▼

definition shadow_coloring ::
  "('s, 'r, 'c, 'z) tangle_diagram_scheme \<Rightarrow> ('s \<Rightarrow> complex^2^2) \<Rightarrow> ('r \<Rightarrow> complex^2) \<Rightarrow> bool" where
  "shadow_coloring D g u \<longleftrightarrow>
     (\<forall>j\<in>regs D. u j \<noteq> 0) \<and>
     (\<forall>i\<in>segs D. u (below D i) = g i *v u (above D i))"

definition admissible ::
  "('s, 'r, 'c, 'z) tangle_diagram_scheme \<Rightarrow> ('r \<Rightarrow> complex^2) \<Rightarrow> ('s \<Rightarrow> complex^2) \<Rightarrow> bool" where
  "admissible D u v \<longleftrightarrow>
     (\<forall>j\<in>regs D. det_cols (u j) e2 \<noteq> 0) \<and>
     (\<forall>i\<in>segs D. rowcol (v i) e2 \<noteq> 0 \<and> rowcol (v i) (u (above D i)) \<noteq> 0)"

text \<open>Components a_i, b_i of the associated coloring (m_i is given separately).\<close>
definition assoc_a ::
  "('s, 'r, 'c, 'z) tangle_diagram_scheme \<Rightarrow> ('r \<Rightarrow> complex^2) \<Rightarrow> 's \<Rightarrow> complex" where
  "assoc_a D u i = det_cols (u (below D i)) e2 / det_cols (u (above D i)) e2"

definition assoc_b ::
  "('s, 'r, 'c, 'z) tangle_diagram_scheme \<Rightarrow> ('r \<Rightarrow> complex^2) \<Rightarrow> ('s \<Rightarrow> complex^2) \<Rightarrow> 's \<Rightarrow> complex" where
  "assoc_b D u v i = - rowcol (v i) e2 / rowcol (v i) (u (above D i))"

definition octahedral_coloring ::
  "('s, 'r, 'c, 'z) tangle_diagram_scheme \<Rightarrow> ('s \<Rightarrow> complex) \<Rightarrow> ('s \<Rightarrow> complex) \<Rightarrow> ('s \<Rightarrow> complex) \<Rightarrow> bool" where
  "octahedral_coloring D a b m \<longleftrightarrow>
     (\<forall>i\<in>segs D. a i \<noteq> 0 \<and> b i \<noteq> 0 \<and> m i \<noteq> 0) \<and>
     (\<forall>c\<in>crossings D.
        (let a1 = a (in1 D c); a2 = a (in2 D c); a1' = a (out1 D c); a2' = a (out2 D c);
             b1 = b (in1 D c); b2 = b (in2 D c); b1' = b (out1 D c); b2' = b (out2 D c);
             m1 = m (in1 D c); m2 = m (in2 D c); m1' = m (out1 D c); m2' = m (out2 D c)
         in m1' = m1 \<and> m2' = m2 \<and>
            (pos D c \<longrightarrow>
               (let A = 1 - (m1 * b1 / b2) * (1 - a1 / m1) * (1 - 1 / (m2 * a2)) in
                a1' = a1 * inverse A \<and> a2' = a2 * A \<and>
                b1' = (m2 * b2 / m1) * inverse (1 - m2 * a2 * (1 - b2 / (m1 * b1))) \<and>
                b2' = b1 * (1 - (m1 / a1) * (1 - b2 / (m1 * b1))))) \<and>
            (\<not> pos D c \<longrightarrow>
               (let At = 1 - (b2 / (m1 * b1)) * (1 - m1 * a1) * (1 - m2 / a2) in
                a1' = a1 * inverse At \<and> a2' = a2 * At \<and>
                b1' = (m2 * b2 / m1) * (1 - (a2 / m2) * (1 - m1 * b1 / b2)) \<and>
                b2' = b1 * inverse (1 - (1 / (m1 * a1)) * (1 - m1 * b1 / b2))))))"

end

theory Submission
  imports Defs
begin

text \<open>Normalise the decoration of each segment by its slope t = v_1 / v_2. If g in SL_2 has the
  row eigenvector v with eigenvalue 1/m, then g sends a column x to a vector whose first coordinate
  is m x_1 + g_12 (t x_1 + x_2) and whose height t x_1 + x_2 is divided by m. The coordinate a_i is a
  ratio of first coordinates and b_i = -1 / height of the region above segment i. Around a crossing
  the four shadow vectors are therefore tied by a few such linear relations, the heights with
  respect to the two strands differing by (t_1 - t_2) x_1, and the octahedral relations become
  rational identities in these quantities. The meridians m_i are preserved because conjugation
  transports row eigenvectors: (v h) (h^-1 g h) = (v g) h.\<close>

lemma vec2_eq_iff: "(x::'a^2) = y \<longleftrightarrow> x$1 = y$1 \<and> x$2 = y$2"
  by (simp add: vec_eq_iff forall_2)

lemma matrix_vector_mult_2_nth:
  fixes g :: "'a::comm_semiring_1^2^2"
  shows "(g *v x)$1 = g$1$1 * x$1 + g$1$2 * x$2" "(g *v x)$2 = g$2$1 * x$1 + g$2$2 * x$2"
  by (simp_all add: matrix_vector_mult_def sum_2)

lemma vector_matrix_mult_2_nth:
  fixes g :: "'a::comm_semiring_1^2^2"
  shows "(x v* g)$1 = x$1 * g$1$1 + x$2 * g$2$1" "(x v* g)$2 = x$1 * g$1$2 + x$2 * g$2$2"
  by (simp_all add: vector_matrix_mult_def sum_2)

lemma e2_nth: "e2$1 = 0" "e2$2 = 1"
  by (simp_all add: e2_def)

lemma rowcol_2: "rowcol x y = x$1 * y$1 + x$2 * y$2"
  by (simp add: rowcol_def sum_2)

lemma rowcol_e2: "rowcol x e2 = x$2"
  by (simp add: rowcol_2 e2_nth)

lemma det_cols_e2: "det_cols x e2 = x$1"
  by (simp add: det_cols_def det_2 e2_def)

lemma rowcol_vector_matrix_mult: "rowcol (x v* g) y = rowcol x (g *v y)"
  by (simp add: rowcol_2 vector_matrix_mult_2_nth matrix_vector_mult_2_nth algebra_simps)

lemma rowcol_smult: "rowcol (k *s x) y = k * rowcol x y"
  by (simp add: rowcol_2 algebra_simps)

lemma matrix_inv_cancel:
  fixes A :: "'a::semiring_1^'n^'n"
  assumes "invertible A"
  shows "A ** matrix_inv A = mat 1" "matrix_inv A ** A = mat 1"
  using someI_ex[OF assms[unfolded invertible_def]] unfolding matrix_inv_def by auto

lemma rowcol_matrix_inv_SL2_e2:
  fixes g :: "complex^2^2"
  assumes "det g = 1"
  shows "rowcol (x v* matrix_inv g) e2 = x$2 * g$1$1 - x$1 * g$1$2"
proof -
  define y :: "complex^2" where "y = (\<chi> k. if k = 1 then - g$1$2 else g$1$1)"
  have "g *v y = e2"
    using assms by (simp add: vec2_eq_iff matrix_vector_mult_2_nth y_def e2_nth det_2 algebra_simps)
  then have "matrix_inv g *v e2 = y"
    using matrix_inv_cancel(2) assms invertible_det_nz
    by (metis matrix_vector_mul_assoc matrix_vector_mul_lid zero_neq_one)
  then show ?thesis
    unfolding rowcol_vector_matrix_mult by (simp add: rowcol_2 y_def algebra_simps)
qed

lemma rowcol_slope:
  assumes "v$2 \<noteq> 0"
  shows "rowcol v x = v$2 * (v$1 / v$2 * x$1 + x$2)"
  using assms by (simp add: rowcol_2 field_simps)

lemma SL2_row_eigenvector:
  fixes g :: "complex^2^2"
  assumes det: "det g = 1" and eigen: "v v* g = inverse m *s v" and v2: "v$2 \<noteq> 0"
  defines "t \<equiv> v$1 / v$2"
  shows "m \<noteq> 0" "g$1$1 = m + t * g$1$2" "g$2$2 = 1/m - t * g$1$2"
    "(g *v x)$1 = m * x$1 + g$1$2 * (t * x$1 + x$2)"
    "t * (g *v x)$1 + (g *v x)$2 = (t * x$1 + x$2) / m"
proof -
  have d: "g$1$1 * g$2$2 - g$1$2 * g$2$1 = 1"
    using det by (simp add: det_2)
  have col1: "v$1 * g$1$1 + v$2 * g$2$1 = inverse m * v$1"
   and col2: "v$1 * g$1$2 + v$2 * g$2$2 = inverse m * v$2"
    using eigen by (simp_all add: vec2_eq_iff vector_matrix_mult_2_nth)
  show m: "m \<noteq> 0"
  proof
    assume "m = 0"
    then have "v$2 * (g$1$1 * g$2$2 - g$1$2 * g$2$1) = 0"
      using col1 col2 by algebra
    then show False using d v2 by simp
  qed
  show g22: "g$2$2 = 1/m - t * g$1$2"
    using col2 v2 m by (simp add: t_def field_simps)
  have g21: "g$2$1 = t * (1/m - g$1$1)"
    using col1 v2 m by (simp add: t_def field_simps)
  have "g$1$1 * (1/m - t * g$1$2) - g$1$2 * (t * (1/m - g$1$1)) = 1"
    using d g22 g21 by simp
  then show g11: "g$1$1 = m + t * g$1$2"
    using m by (simp add: field_simps)
  show "(g *v x)$1 = m * x$1 + g$1$2 * (t * x$1 + x$2)"
    by (simp add: matrix_vector_mult_2_nth g11 algebra_simps)
  have "rowcol v (g *v x) = inverse m * rowcol v x"
    by (simp flip: rowcol_vector_matrix_mult add: eigen rowcol_smult)
  then show "t * (g *v x)$1 + (g *v x)$2 = (t * x$1 + x$2) / m"
    using v2 by (simp add: rowcol_slope[OF v2] t_def divide_inverse mult.commute)
qed

lemma line_elem_smult:
  assumes "is_line L" "x \<in> L" "x \<noteq> 0" "y \<in> L"
  shows "\<exists>k. y = k *s x"
proof -
  obtain w where L: "L = {c *s w | c. True}"
    using assms(1) unfolding is_line_def by blast
  obtain a b where ab: "x = a *s w" "y = b *s w"
    using assms(2,4) L by blast
  then have "y = (b / a) *s x"
    using assms(3) by (simp add: vector_smult_assoc)
  then show ?thesis by blast
qed

lemma row_eigenvalue_unique:
  fixes x :: "'a::field^'n"
  assumes "x v* g = inverse c *s x" "x v* g = inverse d *s x" "x \<noteq> 0"
  shows "c = d"
  using assms by (metis inverse_inverse_eq vector_mul_rcancel)

lemma row_eigenvector_conj:
  fixes g h h' :: "'a::field^'n^'n"
  assumes "x v* g = c *s x" "h ** h' = mat 1"
  shows "(k *s (x v* h)) v* (h' ** g ** h) = c *s (k *s (x v* h))"
proof -
  have "(x v* h) v* (h' ** g ** h) = ((x v* (h ** h')) v* g) v* h"
    by (simp add: vector_matrix_mul_assoc matrix_mul_assoc)
  also have "\<dots> = c *s (x v* h)"
    using assms by (simp add: scalar_vector_matrix_assoc)
  finally show ?thesis
    by (simp add: scalar_vector_matrix_assoc vector_smult_assoc mult.commute)
qed

definition positive_octahedral ::
  "complex \<Rightarrow> complex \<Rightarrow> complex \<Rightarrow> complex \<Rightarrow> complex \<Rightarrow> complex \<Rightarrow> complex \<Rightarrow> complex \<Rightarrow>
   complex \<Rightarrow> complex \<Rightarrow> bool" where
  "positive_octahedral a1 a2 a1' a2' b1 b2 b1' b2' m1 m2 \<longleftrightarrow>
     (let A = 1 - (m1 * b1 / b2) * (1 - a1 / m1) * (1 - 1 / (m2 * a2)) in
      a1' = a1 * inverse A \<and> a2' = a2 * A \<and>
      b1' = (m2 * b2 / m1) * inverse (1 - m2 * a2 * (1 - b2 / (m1 * b1))) \<and>
      b2' = b1 * (1 - (m1 / a1) * (1 - b2 / (m1 * b1))))"

definition negative_octahedral ::
  "complex \<Rightarrow> complex \<Rightarrow> complex \<Rightarrow> complex \<Rightarrow> complex \<Rightarrow> complex \<Rightarrow> complex \<Rightarrow> complex \<Rightarrow>
   complex \<Rightarrow> complex \<Rightarrow> bool" where
  "negative_octahedral a1 a2 a1' a2' b1 b2 b1' b2' m1 m2 \<longleftrightarrow>
     (let At = 1 - (b2 / (m1 * b1)) * (1 - m1 * a1) * (1 - m2 / a2) in
      a1' = a1 * inverse At \<and> a2' = a2 * At \<and>
      b1' = (m2 * b2 / m1) * (1 - (a2 / m2) * (1 - m1 * b1 / b2)) \<and>
      b2' = b1 * inverse (1 - (1 / (m1 * a1)) * (1 - m1 * b1 / b2)))"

▲

> [TO DO]: Extract exactly and only the lines above from the line containing "using someI_ex[OF assms[unfolded" through the line containing "(\<chi> k. if", both end lines included.

> [ANSWER TO THE PROBLEM]:
  using someI_ex[OF assms[unfolded invertible_def]] unfolding matrix_inv_def by auto

lemma rowcol_matrix_inv_SL2_e2:
  fixes g :: "complex^2^2"
  assumes "det g = 1"
  shows "rowcol (x v* matrix_inv g) e2 = x$2 * g$1$1 - x$1 * g$1$2"
proof -
  define y :: "complex^2" where "y = (\<chi> k. if k = 1 then - g$1$2 else g$1$1)"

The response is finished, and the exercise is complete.